Suppose $f(x+y)=f(x)+f(y)$ for some $f: R \rightarrow R$ such that $f$ is continuous at $0$.Show that $f(x)=\alpha x$ for some $\alpha \in R$. Hint: show that $f(nx) = nf(x)$, then show $f$ is continuous on $R$. Then show that $f(x)/x = f(1)$ for all rational $x$.

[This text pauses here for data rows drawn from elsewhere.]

lemma bounded_closed_convex_fip:
  fixes \<F> :: "'a::{real_inner,complete_space} set set"
  assumes closed: "\<And>S. S \<in> \<F> \<Longrightarrow> closed S" and convex: "\<And>S. S \<in> \<F> \<Longrightarrow> convex S"
    and K: "K \<in> \<F>" "bounded K"
    and fip: "\<And>\<G>. finite \<G> \<Longrightarrow> \<G> \<subseteq> \<F> \<Longrightarrow> \<Inter>\<G> \<noteq> {}"
  shows "\<Inter>\<F> \<noteq> {}"
proof -
  \<comment> \<open>By the parallelogram law, near-minimal points of finite intersections whose distance
    from \<open>0\<close> approaches the supremum \<open>s\<close> form a Cauchy sequence; its limit lies in every
    member of \<open>\<F>\<close>.\<close>
  obtain s \<G> where "0 \<le> s" and upper: "\<And>\<I>. finite \<I> \<Longrightarrow> \<I> \<subseteq> \<F> \<Longrightarrow> infdist 0 (\<Inter>\<I>) \<le> s"
    and \<G>: "\<And>n. finite (\<G> n)" "\<And>n. \<G> n \<subseteq> \<F>" "\<And>n m. n \<le> m \<Longrightarrow> \<G> n \<subseteq> \<G> m"
    and lower: "\<And>n. s - inverse (real (Suc n)) \<le> infdist 0 (\<Inter>(\<G> n))"
    using finite_Inter_infdist_SUP_approx[OF K fip] by blast
  define e where "e n = inverse (real (Suc n))" for n
  have e_pos: "0 < e n" for n
    by (simp add: e_def)
  have e: "e \<longlonglongrightarrow> 0" "decseq e"
    unfolding e_def by (rule LIMSEQ_inverse_real_of_nat, intro decseq_SucI) simp
  have near_min: "\<exists>y\<in>\<Inter>\<I>. norm y \<le> s + e n" if "finite \<I>" "\<I> \<subseteq> \<F>" for \<I> n
  proof -
    have "infdist 0 (\<Inter>\<I>) < s + e n"
      using upper[OF that] e_pos[of n] by linarith
    then show ?thesis
      using fip[OF that] by (metis infdist_lessE dist_0_norm less_imp_le)
  qed
  have "\<exists>y. y \<in> \<Inter>(\<G> n) \<and> norm y \<le> s + e n" for n
    using near_min[OF \<G>(1,2)] by blast
  then obtain y where y: "\<And>n. y n \<in> \<Inter>(\<G> n)" "\<And>n. norm (y n) \<le> s + e n"
    by metis
  have \<G>_convex: "convex (\<Inter>(\<G> n))" for n
    using convex \<G>(2)[of n] by (auto intro!: convex_Inter)
  have \<G>_dec: "\<Inter>(\<G> m) \<subseteq> \<Inter>(\<G> n)" if "n \<le> m" for n m
    using \<G>(3)[OF that] by blast
  have lower_e: "s - e n \<le> infdist 0 (\<Inter>(\<G> n))" for n
    using lower[of n] by (simp add: e_def)
  obtain p where p: "\<And>z. (\<And>n. z n \<in> \<Inter>(\<G> n)) \<Longrightarrow> (\<And>n. norm (z n) \<le> s + e n) \<Longrightarrow> z \<longlonglongrightarrow> p"
    using decseq_convex_minimising_sequences[of "\<lambda>n. \<Inter>(\<G> n)",
        OF \<G>_convex \<G>_dec e \<open>0 \<le> s\<close> lower_e y] by blast
  have "p \<in> S" if "S \<in> \<F>" for S
  proof -
    have "\<exists>z. z \<in> \<Inter>(insert S (\<G> n)) \<and> norm z \<le> s + e n" for n
      using near_min[of "insert S (\<G> n)" n] \<G>(1,2)[of n] that by auto
    then obtain z where z: "\<And>n. z n \<in> \<Inter>(insert S (\<G> n))" "\<And>n. norm (z n) \<le> s + e n"
      by metis
    have "z n \<in> \<Inter>(\<G> n)" for n
      using z(1)[of n] by simp
    then have "z \<longlonglongrightarrow> p"
      using z(2) by (rule p)
    then show "p \<in> S"
      using closed_sequentially[OF closed[OF that]] z(1) by blast
  qed
  then show ?thesis by blast
qed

How can I show $f(nx)=nf(x)$?? I am stuck with the first hint, so I can't show any attempt.
Thank you in advance!
On
Notice if we let $y=x$, then
$$ f(2x) = 2 f(x) $$
Now, let $x=2x'$, then
$$ f(4x') = 2 f(2x') = 4 f(x') $$
Continuing in this fashion youll get $f(nx) = nf(x) $
On
This is what do you want, $$f(m)=f(1+1+...+1)=f(1)+f(1)+...+f(1)=mf(1),m\in\mathbb{z^+}.$$ Deduce, $$f(1)=f(\frac{n}{n})=f(\frac{1}{n})+f(\frac{1}{n})+...+f(\frac{1}{n})=nf(\frac{1}{n}),n\in\mathbb{z^+}.$$ Hence, $$f(\frac{m}{n})=\frac{m}{n}f(1)$$ Hence, use $\mathbb{Q}$ dense in $\mathbb R$ and $f$ is continuous. we get the desired result.
By mathematical induction.
(1) It is obviously true for $n=1$.
(2) If $f(kx)=kf(x)$, then $$f((k+1)x)=f(kx+x)=f(kx)+f(x)=kf(x)+f(x)=(k+1)f(x)$$